Motion City Soundtrack
My Dinosaur Life (Columbia/Sony)
In the early aughts, there was a glut of emo rockers from the Midwest plucking at our heartstrings and rocking with youthful purpose. Fewer flies are buzzing, and the survivors will need to find unique ways to adapt. These Minnesotans barely stave off certain doom by retaining the melodic core that first gave these groups relevance, and cutting out the cheap gimmickry. 5.5/10 Trial Track: “@!#?@!” (Erik Leijon)
OK Go
Of the Blue Colour of the Sky (Capitol/EMI)
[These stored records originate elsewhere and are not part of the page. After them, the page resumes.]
(* Let $d\ge2$, let $G$ be a closed germ, and let $s\in S_{\rm o}$. Then $s\in G$ if and only if the polar point $s^*$ lies on the boundary (relative to the hyperplane $H$) of the polar set $G^*$.
   Context: Fix an integer $d\ge 2$. $\langle\cdot,\cdot\rangle$ is the standard inner product on $\mathbb{R}^{d^2}$, $\|\cdot\|$ the Euclidean norm. $\Delta=\{p\in\mathbb{R}^{d^2}: p(i)\ge0,\ \sum_ip(i)=1\}$; $H=\{u\in\mathbb{R}^{d^2}:\sum_i u(i)=1\}$; $c=(1/d^2,\dots,1/d^2)$. For $A\subseteq H$ the polar is $A^*=\{u\in H:\langle u,v\rangle\ge\frac{1}{d(d+1)}\ \forall v\in A\}$. Radii: $r_{\rm o}^2=\frac{d-1}{d^2(d+1)}$, $r_{\rm i}^2=\frac{1}{d^2(d^2-1)}$. Out-sphere $S_{\rm o}=\{u\in H:\|u-c\|=r_{\rm o}\}$. For $s\in H$, $s\neq c$, the polar point of $s$ is $s^*=c-\frac{r_{\rm o}r_{\rm i}}{\|s-c\|^2}(s-c)$. A subset $A\subseteq\Delta$ is a germ if $\frac{1}{d(d+1)}\le\langle p,s\rangle\le\frac{2}{d(d+1)}$ for all $p,s\in A$. *)

theory Defs
  imports "HOL-Analysis.Analysis"
begin

text \<open>Vectors of R^(d^2) are modelled as real^'n with CARD('n) = d^2.\<close>

definition prob_simplex :: "(real^'n) set" where
  "prob_simplex = {p. (\<forall>i. p $ i \<ge> 0) \<and> (\<Sum>i\<in>UNIV. p $ i) = 1}"

definition hyp :: "(real^'n) set" where
  "hyp = {u. (\<Sum>i\<in>UNIV. u $ i) = 1}"

definition centre :: "nat \<Rightarrow> real^'n" where
  "centre d = (\<chi> i. 1 / (real d)^2)"

definition polar :: "nat \<Rightarrow> (real^'n) set \<Rightarrow> (real^'n) set" where
  "polar d A = {u \<in> hyp. \<forall>v\<in>A. u \<bullet> v \<ge> 1 / (real d * (real d + 1))}"

definition r_out :: "nat \<Rightarrow> real" where
  "r_out d = sqrt ((real d - 1) / ((real d)^2 * (real d + 1)))"

definition r_in :: "nat \<Rightarrow> real" where
  "r_in d = sqrt (1 / ((real d)^2 * ((real d)^2 - 1)))"

definition out_sphere :: "nat \<Rightarrow> (real^'n) set" where
  "out_sphere d = {u \<in> hyp. norm (u - centre d) = r_out d}"

definition polar_point :: "nat \<Rightarrow> real^'n \<Rightarrow> real^'n" where
  "polar_point d s = centre d - (r_out d * r_in d / (norm (s - centre d))^2) *\<^sub>R (s - centre d)"

definition germ :: "nat \<Rightarrow> (real^'n) set \<Rightarrow> bool" where
  "germ d A \<longleftrightarrow> A \<subseteq> prob_simplex \<and>
     (\<forall>p\<in>A. \<forall>s\<in>A. 1 / (real d * (real d + 1)) \<le> p \<bullet> s \<and> p \<bullet> s \<le> 2 / (real d * (real d + 1)))"

end

theory Submission imports Defs begin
So a few years ago, OK Go YouTubed a homemade music video with them doing a choreographed routine, and suddenly went from label-merger casualties to award-show performers. Of course, when they performed at the MTV awards, they did their treadmill dance with the song they wrote playing in the background. Pretty much sums up their latest. 5/10 Trial Track: “This Too Shall Pass” (Erik Leijon)
The Juan MacLean
The Future Will Come Remixes (DFA/Scion AV)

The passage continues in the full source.